It’s not ideal for a couple of reasons. Number one, duplicate content is a problem because some people think that duplicate content is going to give you a penalty. Duplicate content is not going to get your website penalized in the same way that you might see a spammy link penalty from Penguin. There’s no actual penalty involved. You won’t be punished for having duplicate content.

The problem with duplicate content is that you’re basically relying on Google to figure out what the real version of your website is. Google is seeing the URL from all four versions of your website. They’re going to try to figure out which URL is the real URL and just rank that one. The problem with that is you’re basically leaving that decision up to Google when it’s something that you could take control of for yourself.

There are a couple of other reasons that we’ll go into a little bit later for why duplicate content can be a problem. But in short, duplicate content is no good.

However, just having these URLs not resolve to each other may or may not be a huge problem. When it really becomes a serious issue is when that problem is combined with injudicious use of relative URLs in internal links. So let’s talk a little bit about the difference between a relative URL and an absolute URL when it comes to internal linking.

With an absolute URL, you are putting the entire web address of the page that you are linking to in the link. You’re putting your full domain, everything in the link, including /page. That’s an absolute URL.

However, when coding a website, it’s a fairly common web development practice to instead code internal links with what’s called a relative URL. A relative URL is just /page. Basically what that does is it relies on your browser to understand, “Okay, this link is pointing to a page that’s on the same domain that we’re already on. I’m just going to assume that that is the case and go there.”

There are a couple of really good reasons to code relative URLs

1) It is much easier and faster to code.

When you are a web developer and you’re building a site and there thousands of pages, coding relative versus absolute URLs is a way to be more efficient. You’ll see it happen a lot.

2) Staging environments

Another reason why you might see relative versus absolute URLs is some content management systems — and SharePoint is a great example of this — have a staging environment that’s on its own domain. Instead of being example.com, it will be examplestaging.com. The entire website will basically be replicated on that staging domain. Having relative versus absolute URLs means that the same website can exist on staging and on production, or the live accessible version of your website, without having to go back in and recode all of those URLs. Again, it’s more efficient for your web development team. Those are really perfectly valid reasons to do those things. So don’t yell at your web dev team if they’ve coded relative URLS, because from their perspective it is a better solution.

Relative URLs will also cause your page to load slightly faster. However, in my experience, the SEO benefits of having absolute versus relative URLs in your website far outweigh the teeny-tiny bit longer that it will take the page to load.
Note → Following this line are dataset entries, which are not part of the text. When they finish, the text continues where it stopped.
lemma cylinder_subset_unit_cone_axis0:
  assumes "1 \<le> N" "0 < \<theta>" "\<theta> < pi / 2" "0 < lo" "cos \<theta> * \<rho> = sin \<theta> * lo"
  shows "cylinder N lo (cos \<theta>) \<rho> \<subseteq> unit_cone N \<theta> (\<lambda>i. of_bool (i = 0))"
proof
  fix x assume "x \<in> cylinder N lo (cos \<theta>) \<rho>"
  then have x: "x \<in> space (lborel_vec N)" "x 0 \<in> {lo..cos \<theta>}"
    and rest: "sqrt (\<Sum>i\<in>{..<N} - {0}. (x i)\<^sup>2) \<le> \<rho>"
    by (simp_all add: cylinder_def)
  have cos: "0 < cos \<theta>" and sin: "0 < sin \<theta>"
    using assms(2,3) by (simp_all add: cos_gt_zero_pi sin_gt_zero)
  have "cos \<theta> * sqrt (\<Sum>i\<in>{..<N} - {0}. (x i)\<^sup>2) \<le> cos \<theta> * \<rho>"
    using rest cos by simp
  also have "\<dots> \<le> sin \<theta> * x 0"
    using assms(5) x(2) sin by simp
  finally have "cos \<theta> * sqrt (\<Sum>i\<in>{..<N} - {0}. (x i)\<^sup>2) \<le> sin \<theta> * x 0" .
  moreover have "0 < x 0" "x 0 \<le> cos \<theta>" "0 \<le> (\<Sum>i\<in>{..<N} - {0}. (x i)\<^sup>2)"
    using assms(4) x(2) by (auto intro: sum_nonneg)
  ultimately have "0 < (x 0)\<^sup>2 + (\<Sum>i\<in>{..<N} - {0}. (x i)\<^sup>2)"
    "(x 0)\<^sup>2 + (\<Sum>i\<in>{..<N} - {0}. (x i)\<^sup>2) \<le> 1"
    "cos \<theta> * sqrt ((x 0)\<^sup>2 + (\<Sum>i\<in>{..<N} - {0}. (x i)\<^sup>2)) \<le> x 0"
    using cone_point_of_tan_bound [OF assms(2,3)] by blast+
  with x(1) assms(1) show "x \<in> unit_cone N \<theta> (\<lambda>i. of_bool (i = 0))"
    by (simp add: unit_cone_def vinner_axis0 vinner_self_remove0)
qed

lemma emeasure_unit_cone_ge:
  assumes "1 \<le> N" "0 < \<theta>" "\<theta> < pi / 2" "vinner N t t = 1"
  shows "ennreal (cos \<theta> / (N + 1) * unit_ball_vol (real (N - 1)) * (sin \<theta> * N / (N + 1)) ^ (N - 1))
    \<le> emeasure (lborel_vec N) (unit_cone N \<theta> t)"
proof -
  have cos: "0 < cos \<theta>" and sin: "0 < sin \<theta>"
    using assms by (simp_all add: cos_gt_zero_pi sin_gt_zero)
  define lo where "lo = cos \<theta> * N / (N + 1)"
  define \<rho> where "\<rho> = sin \<theta> * N / (N + 1)"
  have "0 < lo" "0 < \<rho>" "lo \<le> cos \<theta>"
    using assms(1) cos sin by (simp_all add: lo_def \<rho>_def divide_le_eq)
  have "cos \<theta> - lo = cos \<theta> / (N + 1)"
    by (simp add: lo_def field_simps)
  then have "ennreal (cos \<theta> / (N + 1) * unit_ball_vol (real (N - 1)) * (sin \<theta> * N / (N + 1)) ^ (N - 1)) =
      emeasure (lborel_vec N) (cylinder N lo (cos \<theta>) \<rho>)"
    using emeasure_cylinder [OF assms(1) \<open>lo \<le> cos \<theta>\<close> \<open>0 < \<rho>\<close>] by (simp add: \<rho>_def)
  also have "\<dots> \<le> emeasure (lborel_vec N) (unit_cone N \<theta> (\<lambda>i. of_bool (i = 0)))"
    using assms \<open>0 < lo\<close> by (intro emeasure_mono cylinder_subset_unit_cone_axis0) (auto simp: lo_def \<rho>_def)
  also have "\<dots> = emeasure (lborel_vec N) (unit_cone N \<theta> t)"
    using assms by (simp add: emeasure_unit_cone_axis0)
  finally show ?thesis .
qed

lemma exists_ge_of_nn_integral_ge:
  assumes "B \<in> sets M" "emeasure M B \<le> ennreal W" "0 < W" "0 < L"
    and "ennreal L \<le> (\<integral>\<^sup>+x. h x \<partial>M)" and "\<And>x. x \<in> space M \<Longrightarrow> x \<notin> B \<Longrightarrow> h x = 0"
  shows "\<exists>x\<in>B. ennreal (L / (2 * W)) \<le> h x"
proof (rule ccontr)
  assume "\<not> ?thesis"
  then have "h x \<le> ennreal (L / (2 * W)) * indicator B x" if "x \<in> space M" for x
    using that assms(6) [of x] by (cases "x \<in> B") auto
  then have "(\<integral>\<^sup>+x. h x \<partial>M) \<le> (\<integral>\<^sup>+x. ennreal (L / (2 * W)) * indicator B x \<partial>M)"
    by (rule nn_integral_mono)
  also have "\<dots> = ennreal (L / (2 * W)) * emeasure M B"
    using assms(1) by (rule nn_integral_cmult_indicator)
  also have "\<dots> \<le> ennreal (L / (2 * W)) * ennreal W"
    using assms(2) by (rule mult_left_mono) simp
  also have "\<dots> = ennreal (L / 2)"
    using assms(3,4) by (simp add: ennreal_mult' [symmetric])
  finally have "(\<integral>\<^sup>+x. h x \<partial>M) \<le> ennreal (L / 2)" .
  with assms(5) have "ennreal L \<le> ennreal (L / 2)"
    by (rule order_trans)
  with assms(4) show False
    by (simp add: ennreal_le_iff)
qed
(* If $G$ is a graph with no isolated vertices, then $\gamma_{\rm gr}^t(G)\le 2\gamma_{\rm gr}(G)$.
   Context: $N(v)$ denotes the open neighborhood and $N[v]=N(v)\cup\{v\}$ the closed neighborhood of $v$. A sequence $S=(v_1,\ldots,v_k)$ of distinct vertices is a legal open neighborhood sequence if $N(v_i)\setminus \bigcup_{j=1}^{i-1} N(v_j)\neq\emptyset$ for every $i\in\{2,\ldots,k\}$, and a total dominating sequence if moreover $\{v_1,\ldots,v_k\}$ is a total dominating set (every vertex has a neighbor in it); $\gamma_{\rm gr}^t(G)$ is the maximum length of a total dominating sequence. A sequence $S=(v_1,\ldots,v_k)$ of distinct vertices is a legal closed neighborhood sequence if $N[v_i]\setminus \bigcup_{j=1}^{i-1} N[v_j]\neq\emptyset$ for every $i\in\{2,\ldots,k\}$, and a dominating sequence if moreover $\{v_1,\ldots,v_k\}$ is a dominating set (every vertex is in it or has a neighbor in it); the Grundy domination number $\gamma_{\rm gr}(G)$ is the maximum length of a dominating sequence. *)

theory Defs
  imports Main
begin

definition simple_graph :: "'a set \<Rightarrow> ('a \<Rightarrow> 'a \<Rightarrow> bool) \<Rightarrow> bool" where
  "simple_graph V E \<longleftrightarrow> finite V \<and> (\<forall>u v. E u v \<longrightarrow> u \<in> V \<and> v \<in> V)
     \<and> (\<forall>u v. E u v \<longrightarrow> E v u) \<and> (\<forall>v. \<not> E v v)"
It’s very negligible. If you have a really, really long page load time, there’s going to be a whole boatload of things that you can change that will make a bigger difference than coding your URLs as relative versus absolute.
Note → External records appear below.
(* If $T\in\mathbf{A}$ is a compact operator, then $T=0$.
   Context: For $\lambda=(t,\omega)\in\mathbb{R}^d\times\mathbb{R}^d$, $U_{(t,\omega)}f(x)=e^{i\langle\omega,x\rangle}f(x-t)$ on $L^2(\mathbb{R}^d)$. $\mathcal{A}$ is the algebra of operators $\sum_{\lambda\in\mathbb{R}^{2d}}c_\lambda U_\lambda$ with $\sum_\lambda|c_\lambda|<\infty$, and $\mathbf{A}$ is its closure in operator norm in $B(L^2(\mathbb{R}^d))$ (a $C^*$-algebra). *)

theory Defs
  imports "HOL-Analysis.Analysis"
begin

text \<open>Concrete model of L^2(R^d) via representatives: functions on a Euclidean space
  (R^d, d = DIM('a)) to complex numbers, with Lebesgue measure.\<close>

definition L2 :: "('a::euclidean_space \<Rightarrow> complex) set" where
  "L2 = {f. f \<in> borel_measurable lebesgue \<and> integrable lebesgue (\<lambda>x. (cmod (f x))^2)}"

definition L2norm :: "('a::euclidean_space \<Rightarrow> complex) \<Rightarrow> real" where
  "L2norm f = sqrt (\<integral>x. (cmod (f x))^2 \<partial>lebesgue)"

definition tf_shift :: "'a::euclidean_space \<times> 'a \<Rightarrow> ('a \<Rightarrow> complex) \<Rightarrow> 'a \<Rightarrow> complex" where
  "tf_shift l f x = exp (\<i> * of_real (snd l \<bullet> x)) * f (x - fst l)"

definition l1_op :: "('a::euclidean_space \<times> 'a \<Rightarrow> complex) \<Rightarrow> ('a \<Rightarrow> complex) \<Rightarrow> 'a \<Rightarrow> complex" where
  "l1_op c f x = (\<Sum>\<^sub>\<infinity>l. c l * tf_shift l f x)"

text \<open>T lies in the operator-norm closure of the algebra of absolutely summable
  combinations of time-frequency shifts.\<close>
definition in_A :: "(('a::euclidean_space \<Rightarrow> complex) \<Rightarrow> ('a \<Rightarrow> complex)) \<Rightarrow> bool" where
  "in_A T \<longleftrightarrow> (\<forall>f\<in>L2. T f \<in> L2) \<and>
     (\<forall>e>0. \<exists>c. (\<lambda>l. norm (c l)) summable_on UNIV \<and>
        (\<forall>f\<in>L2. (\<lambda>x. T f x - l1_op c f x) \<in> L2 \<and>
                 L2norm (\<lambda>x. T f x - l1_op c f x) \<le> e * L2norm f))"

definition compact_op :: "(('a::euclidean_space \<Rightarrow> complex) \<Rightarrow> ('a \<Rightarrow> complex)) \<Rightarrow> bool" where
  "compact_op T \<longleftrightarrow> (\<forall>F::nat \<Rightarrow> ('a \<Rightarrow> complex). (\<forall>n. F n \<in> L2 \<and> L2norm (F n) \<le> 1) \<longrightarrow>
     (\<exists>r g. strict_mono r \<and> g \<in> L2 \<and>
        (\<lambda>n. L2norm (\<lambda>x. T (F (r n)) x - g x)) \<longlonglongrightarrow> 0))"

end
Page load time, in my opinion, not a concern here. However, it is something that your web dev team may bring up with you when you try to address with them the fact that, from an SEO perspective, coding your website with relative versus absolute URLs, especially in the nav, is not a good solution.

There are even better reasons to use absolute URLs

1) Scrapers

If you have all of your internal links as relative URLs, it would be very, very, very easy for a scraper to simply scrape your whole website and put it up on a new domain, and the whole website would just work. That sucks for you, and it’s great for that scraper. But unless you are out there doing public services for scrapers, for some reason, that’s probably not something that you want happening with your beautiful, hardworking, handcrafted website. That’s one reason. There is a scraper risk.
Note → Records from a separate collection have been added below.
(* Assume the setting described in the context. Then for every $t\ge0$ and every $z\in\mathbb C$ with $\omega_0^\epsilon(z)=0$ one has $\overline\partial X^\epsilon(t,z)=0$; that is, $X^\epsilon(t,\cdot)$ is conformal outside $\operatorname{supp}\omega_0^\epsilon$.
   Context: $\overline\partial=\frac12(\partial_x+i\partial_y)$, $\partial=\frac12(\partial_x-i\partial_y)$. Fix $\theta\in[0,2\pi]$ and $K(z)=\frac{e^{i\theta}}{2\pi z}$ on $\mathbb C\cong\mathbb R^2$. Let $\omega_0\in L^\infty(\mathbb C)$ be real-valued with compact support. For $\epsilon>0$ let $\omega_0^\epsilon\in C^\infty_c(\mathbb C)$ be real-valued with $\|\omega_0^\epsilon\|_\infty\le\|\omega_0\|_\infty$, $\|\omega_0^\epsilon\|_1\le\|\omega_0\|_1$ and $\|\omega_0^\epsilon-\omega_0\|_1\to0$. Let $\omega^\epsilon$ be the unique smooth solution of $\partial_t\omega^\epsilon+\mathbf v^\epsilon\cdot\nabla\omega^\epsilon=0$, $\mathbf v^\epsilon(t,\cdot)=K\ast\omega^\epsilon(t,\cdot)$, $\omega^\epsilon(0,\cdot)=\omega_0^\epsilon$, and let $X^\epsilon$ be the flow of $\mathbf v^\epsilon$: $\frac{d}{dt}X^\epsilon(t,z)=\mathbf v^\epsilon(t,X^\epsilon(t,z))$, $X^\epsilon(0,z)=z$ (a smooth family of diffeomorphisms of $\mathbb C$ with $\omega^\epsilon(t,X^\epsilon(t,z))=\omega_0^\epsilon(z)$). *)

theory Defs
  imports "HOL-Analysis.Analysis"
begin

fun iter_dd :: "'a list \<Rightarrow> ('a::real_normed_vector \<Rightarrow> 'b::real_normed_vector) \<Rightarrow> 'a \<Rightarrow> 'b" where
  "iter_dd [] f = f"
| "iter_dd (d # ds) f = (\<lambda>x. frechet_derivative (iter_dd ds f) (at x) d)"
2) Preventing duplicate content issues

But the other reason why it’s very important to have absolute versus relative URLs is that it really mitigates the duplicate content risk that can be presented when you don’t have all of these versions of your website resolving to one version. Google could potentially enter your site on any one of these four pages, which they’re the same page to you. They’re four different pages to Google. They’re the same domain to you. They are four different domains to Google.

But they could enter your site, and if all of your URLs are relative, they can then crawl and index your entire domain using whatever format these are. Whereas if you have absolute links coded, even if Google enters your site on www. and that resolves, once they crawl to another page, that you’ve got coded without the www., all of that other internal link juice and all of the other pages on your website, Google is not going to assume that those live at the www. version. That really cuts down on different versions of each page of your website. If you have relative URLs throughout, you basically have four different websites if you haven’t fixed this problem.

Again, it’s not always a huge issue. Duplicate content, it’s not ideal. However, Google has gotten pretty good at figuring out what the real version of your website is.

You do want to think about internal linking, when you’re thinking about this. If you have basically four different versions of any URL that anybody could just copy and paste when they want to link to you or when they want to share something that you’ve built, you’re diluting your internal links by four, which is not great. You basically would have to build four times as many links in order to get the same authority. So that’s one reason.

3) Crawl Budget

The other reason why it’s pretty important not to do is because of crawl budget. I’m going to point it out like this instead.

When we talk about crawl budget, basically what that is, is every time Google crawls your website, there is a finite depth that they will. There’s a finite number of URLs that they will crawl and then they decide, “Okay, I’m done.” That’s based on a few different things. Your site authority is one of them. Your actual PageRank, not toolbar PageRank, but how good Google actually thinks your website is, is a big part of that. But also how complex your site is, how often it’s updated, things like that are also going to contribute to how often and how deep Google is going to crawl your site.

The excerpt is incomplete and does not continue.